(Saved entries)
####################

lemma orient_flip_edge:
  obtains a where "orient {u, flip u j} = (a, flip a j)" "a = u \<or> a = flip u j"
proof (cases "orient {u, flip u j} = (u, flip u j)")
  case True
  then show ?thesis
    using that by blast
next
  case False
  then have "orient {u, flip u j} = (flip u j, flip (flip u j) j)"
    using orient_doubleton[of u "flip u j"] by simp
  then show ?thesis
    using that by blast
qed

lemma hypercube_edge_orientE:
  assumes "e \<in> edges (hypercube n)"
  obtains a j where "orient e = (a, flip a j)" "e = {a, flip a j}" "length a = n" "j < n"
proof -
  obtain u j where u: "length u = n" "j < n" "e = {u, flip u j}"
    using assms by (rule hypercube_edgeE)
  obtain a where a: "orient e = (a, flip a j)" "a = u \<or> a = flip u j"
    unfolding u(3) by (rule orient_flip_edge)
  have "e = {a, flip a j}" "length a = n"
    using a(2) u by auto
  then show ?thesis
    using that a(1) u(2) by blast
qed

definition dir :: "bool list set \<Rightarrow> nat" where
  "dir e = (LEAST k. fst (orient e) ! k \<noteq> snd (orient e) ! k)"

lemma dir_eq: "orient e = (a, flip a j) \<Longrightarrow> j < length a \<Longrightarrow> dir e = j"
  unfolding dir_def by (rule Least_equality) (auto simp: nth_flip split: if_splits)

lemma verts_stretch:
  "verts (stretch m G) = Inl ` verts G \<union> {Inr (e, i) | e i. e \<in> edges G \<and> 0 < i \<and> i < m}"
  by (simp add: stretch_def)

lemma edges_stretch:
  "edges (stretch m G) = {{path_vertex m e i, path_vertex m e (Suc i)} | e i. e \<in> edges G \<and> i < m}"
  by (simp add: stretch_def)

lemma path_vertex_in_verts:
  assumes "is_graph G" "e \<in> edges G" "i \<le> m"
  shows "path_vertex m e i \<in> verts (stretch m G)"
proof -
  obtain x y where "e = {x, y}"
    using assms(1,2) unfolding is_graph_def by (meson card_2_iff)
  then have "fst (orient e) \<in> verts G \<and> snd (orient e) \<in> verts G"
    using assms(1,2) orient_doubleton[of x y] unfolding is_graph_def by auto
  then show ?thesis
    using assms by (auto simp: path_vertex_def verts_stretch)
qed

lemma stretch_edge_subset_verts:
  "is_graph G \<Longrightarrow> \<epsilon> \<in> edges (stretch m G) \<Longrightarrow> \<epsilon> \<subseteq> verts (stretch m G)"
  by (auto simp: edges_stretch intro!: path_vertex_in_verts)

lemma graph_iso_image:
  assumes inj: "inj_on g (verts H)" and sub: "\<forall>\<epsilon>\<in>edges H. \<epsilon> \<subseteq> verts H"
  shows "graph_iso H (g ` verts H, (`) g ` edges H)"
  unfolding graph_iso_def
proof (intro exI[of _ g] conjI ballI)
  show "bij_betw g (verts H) (verts (g ` verts H, (`) g ` edges H))"
    using inj by (simp add: inj_on_imp_bij_betw)
  fix u v assume uv: "u \<in> verts H" "v \<in> verts H"
  have image_uv: "g ` {u, v} = {g u, g v}"
    by simp
  have "g ` {u, v} = g ` \<epsilon> \<longleftrightarrow> {u, v} = \<epsilon>" if "\<epsilon> \<in> edges H" for \<epsilon>
    by (rule inj_on_image_eq_iff[OF inj]) (use uv sub that in auto)
  then show "{u, v} \<in> edges H \<longleftrightarrow> {g u, g v} \<in> edges (g ` verts H, (`) g ` edges H)"
    unfolding image_uv[symmetric] edges_pair by blast
qed

subsection \<open>Blocks and blow-ups\<close>

locale block_cube =
  fixes m q :: nat
  assumes m_pos: "0 < m"
begin

definition block :: "nat \<Rightarrow> nat \<Rightarrow> nat set" where
  "block j t = {j * m..<j * m + t}"

definition blowup :: "bool list \<Rightarrow> nat set" where
  "blowup u = {i. i < m * q \<and> u ! (i div m)}"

####################

* WORK TO BE COMPLETED: All of the records above are to be repeated exactly.

* EXERCISE SOLUTION:
lemma orient_flip_edge:
  obtains a where "orient {u, flip u j} = (a, flip a j)" "a = u \<or> a = flip u j"
proof (cases "orient {u, flip u j} = (u, flip u j)")
  case True
  then show ?thesis
    using that by blast
next
  case False
  then have "orient {u, flip u j} = (flip u j, flip (flip u j) j)"
    using orient_doubleton[of u "flip u j"] by simp
  then show ?thesis
    using that by blast
qed

lemma hypercube_edge_orientE:
  assumes "e \<in> edges (hypercube n)"
  obtains a j where "orient e = (a, flip a j)" "e = {a, flip a j}" "length a = n" "j < n"
proof -
  obtain u j where u: "length u = n" "j < n" "e = {u, flip u j}"
    using assms by (rule hypercube_edgeE)
  obtain a where a: "orient e = (a, flip a j)" "a = u \<or> a = flip u j"
    unfolding u(3) by (rule orient_flip_edge)
  have "e = {a, flip a j}" "length a = n"
    using a(2) u by auto
  then show ?thesis
    using that a(1) u(2) by blast
qed

definition dir :: "bool list set \<Rightarrow> nat" where
  "dir e = (LEAST k. fst (orient e) ! k \<noteq> snd (orient e) ! k)"

lemma dir_eq: "orient e = (a, flip a j) \<Longrightarrow> j < length a \<Longrightarrow> dir e = j"
  unfolding dir_def by (rule Least_equality) (auto simp: nth_flip split: if_splits)

lemma verts_stretch:
  "verts (stretch m G) = Inl ` verts G \<union> {Inr (e, i) | e i. e \<in> edges G \<and> 0 < i \<and> i < m}"
  by (simp add: stretch_def)

lemma edges_stretch:
  "edges (stretch m G) = {{path_vertex m e i, path_vertex m e (Suc i)} | e i. e \<in> edges G \<and> i < m}"
  by (simp add: stretch_def)

lemma path_vertex_in_verts:
  assumes "is_graph G" "e \<in> edges G" "i \<le> m"
  shows "path_vertex m e i \<in> verts (stretch m G)"
proof -
  obtain x y where "e = {x, y}"
    using assms(1,2) unfolding is_graph_def by (meson card_2_iff)
  then have "fst (orient e) \<in> verts G \<and> snd (orient e) \<in> verts G"
    using assms(1,2) orient_doubleton[of x y] unfolding is_graph_def by auto
  then show ?thesis
    using assms by (auto simp: path_vertex_def verts_stretch)
qed

lemma stretch_edge_subset_verts:
  "is_graph G \<Longrightarrow> \<epsilon> \<in> edges (stretch m G) \<Longrightarrow> \<epsilon> \<subseteq> verts (stretch m G)"
  by (auto simp: edges_stretch intro!: path_vertex_in_verts)

lemma graph_iso_image:
  assumes inj: "inj_on g (verts H)" and sub: "\<forall>\<epsilon>\<in>edges H. \<epsilon> \<subseteq> verts H"
  shows "graph_iso H (g ` verts H, (`) g ` edges H)"
  unfolding graph_iso_def
proof (intro exI[of _ g] conjI ballI)
  show "bij_betw g (verts H) (verts (g ` verts H, (`) g ` edges H))"
    using inj by (simp add: inj_on_imp_bij_betw)
  fix u v assume uv: "u \<in> verts H" "v \<in> verts H"
  have image_uv: "g ` {u, v} = {g u, g v}"
    by simp
  have "g ` {u, v} = g ` \<epsilon> \<longleftrightarrow> {u, v} = \<epsilon>" if "\<epsilon> \<in> edges H" for \<epsilon>
    by (rule inj_on_image_eq_iff[OF inj]) (use uv sub that in auto)
  then show "{u, v} \<in> edges H \<longleftrightarrow> {g u, g v} \<in> edges (g ` verts H, (`) g ` edges H)"
    unfolding image_uv[symmetric] edges_pair by blast
qed

subsection \<open>Blocks and blow-ups\<close>

locale block_cube =
  fixes m q :: nat
  assumes m_pos: "0 < m"
begin

definition block :: "nat \<Rightarrow> nat \<Rightarrow> nat set" where
  "block j t = {j * m..<j * m + t}"

definition blowup :: "bool list \<Rightarrow> nat set" where
  "blowup u = {i. i < m * q \<and> u ! (i div m)}"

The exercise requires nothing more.